Similar results were found in 2,200 patients without documented CAD followed up after exercise testing with dual-isotope SPECT.¹⁰ The event rate (cardiac death or nonfatal MI) in 1,623 patients with normal SPECT studies was 0.3%. Patients with these events had a significantly greater incidence of reversible defects, and an increasing extent and severity of these defects was also associated with higher risk. As in patients with known or suspected CAD, dual-isotope imaging with ²⁰¹Tl and MIBI in this population provided incremental prognostic information compared with clinical and exercise testing variables alone.

Nallamouthu et al²⁵ evaluated the prognostic value of both myocardial perfusion imaging with exercise stress-rest MIBI SPECT and left ventricular systolic function determined by first-pass angiography done with the rest MIBI perfusion study. In 412 patients with intermediate pretest probability of CAD followed up for 17 ± 13 months, an abnormal MIBI perfusion study was associated with a significantly increased incidence of cardiac death or nonfatal MI (13 of 117 patients [11%]), vs only one event in 295 patients with normal studies (0.3%; p < 0.0001). Event-free survival was not significantly different in patients with left ventricular ejection fraction 50% or < 50%.
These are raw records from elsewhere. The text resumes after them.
text \<open>Maximality gives \<open>1 = x + r s\<close> with \<open>x \<in> m\<close>, and \<open>1 - x\<close> is a unit with inverse \<open>1 + x\<close>.\<close>
lemma unit_if_not_in:
  assumes "r \<notin> m"
  shows "r dvd 1"
proof -
  let ?J = "{x + r * s | x s. x \<in> m}"
  have "y \<in> ?J" if "y \<in> m" for y
  proof -
    have "y = y + r * 0" by simp
    with that show ?thesis by blast
  qed
  then have "m \<subseteq> ?J" by blast
  moreover have "r \<in> ?J"
    by (force intro: exI[of _ 0] exI[of _ 1])
  ultimately have "?J = UNIV"
    using maximal assms ring_ideal_add_principal[OF ideal] unfolding maximal_ideal_def by blast
  then obtain x s where x: "x \<in> m" and "1 = x + r * s" by blast
  then have "r * s = 1 - x" by (simp add: algebra_simps)
  then have "r * (s * (1 + x)) = (1 - x) * (1 + x)"
    by (simp add: mult.assoc[symmetric])
  also have "\<dots> = 1"
    using square_zero[OF x x] by (simp add: algebra_simps)
  finally show ?thesis by (metis dvdI)
qed

lemma mult_not_in:
  assumes "x \<notin> m" "y \<notin> m"
  shows "x * y \<notin> m"
proof
  assume "x * y \<in> m"
  obtain c where "1 = x * c" using unit_if_not_in[OF assms(1)] by (auto elim: dvdE)
  then have "y = c * (x * y)" by (metis mult.assoc mult.commute mult_1)
  with mult_left_in[OF \<open>x * y \<in> m\<close>, of c] assms(2) show False by simp
qed

lemma coeff_mult_in:
  assumes "\<And>k. k \<le> n \<Longrightarrow> coeff g k \<in> m \<or> coeff h (n - k) \<in> m"
  shows "coeff (g * h) n \<in> m"
  unfolding coeff_mult by (rule sum_in) (use assms mult_left_in mult_right_in in blast)

lemma coeff_mult_not_in:
  assumes "i \<le> n" "coeff g i \<notin> m" "coeff h (n - i) \<notin> m"
    and "\<And>k. k \<le> n \<Longrightarrow> k \<noteq> i \<Longrightarrow> coeff g k \<in> m \<or> coeff h (n - k) \<in> m"
  shows "coeff (g * h) n \<notin> m"
proof
  assume "coeff (g * h) n \<in> m"
  moreover have "(\<Sum>k\<in>{..n} - {i}. coeff g k * coeff h (n - k)) \<in> m"
    by (rule sum_in) (use assms(4) mult_left_in mult_right_in in blast)
  moreover have "coeff (g * h) n
      = coeff g i * coeff h (n - i) + (\<Sum>k\<in>{..n} - {i}. coeff g k * coeff h (n - k))"
    unfolding coeff_mult using assms(1) sum.remove[of "{..n}" i] by simp
  ultimately have "coeff g i * coeff h (n - i) \<in> m"
    using diff_in by fastforce
  with mult_not_in assms(2,3) show False by blast
qed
The prognostic value of exercise MIBI SPECT has also been assessed based on sex and race. In a series of 4,136 consecutive patients (2,742 men and 1,394 women) who underwent exercise testing with dual-isotope SPECT, perfusion imaging added significant prognostic information over clinical and exercise variables in both men and women.²⁶ Event rates for both men and women with normal results of studies and increased clinical risk (prescan likelihood of CAD > 15%) were similar (1.9% vs 0.8%). An abnormal study result, presence of a reversible perfusion defect, and summed scores reflecting the extent and severity of perfusion defects were associated with increased risk of cardiac death and nonfatal MI in both sexes. However, the overall cardiac event rate was greater in women with an abnormal study result than in men (11.5% vs 5.8%; p < 0.0001). Based on this latter finding, the investigators concluded that dual-isotope SPECT is able to risk stratify women more effectively than men.

Travin et al²⁷ reported on 1,226 men and 1,151 women who underwent MIBI SPECT with either exercise or dipyridamole testing. As in other studies, a normal rest-stress MIBI study was associated with a low annual rate of cardiac death or nonfatal MI—1.7% in men and 0.8% in women. Conversely, unlike the earlier study using dual-isotope SPECT,²⁶ this investigation showed that an abnormal MIBI study was associated with a higher rate for these cardiac events in men than in women (7.6% vs 4.1%; p < 0.05).

Possible explanations for the conflicting conclusions of these two large studies^{26 27} regarding the relative ability of an abnormal myocardial perfusion study using MIBI to risk-stratify men and women include differences in their study populations and the types of tests used (exercise dual-isotope SPECT vs exercise or dipyridamole with MIBI SPECT). However, the exact reasons for their different results remain uncertain, and further studies are needed to resolve this issue.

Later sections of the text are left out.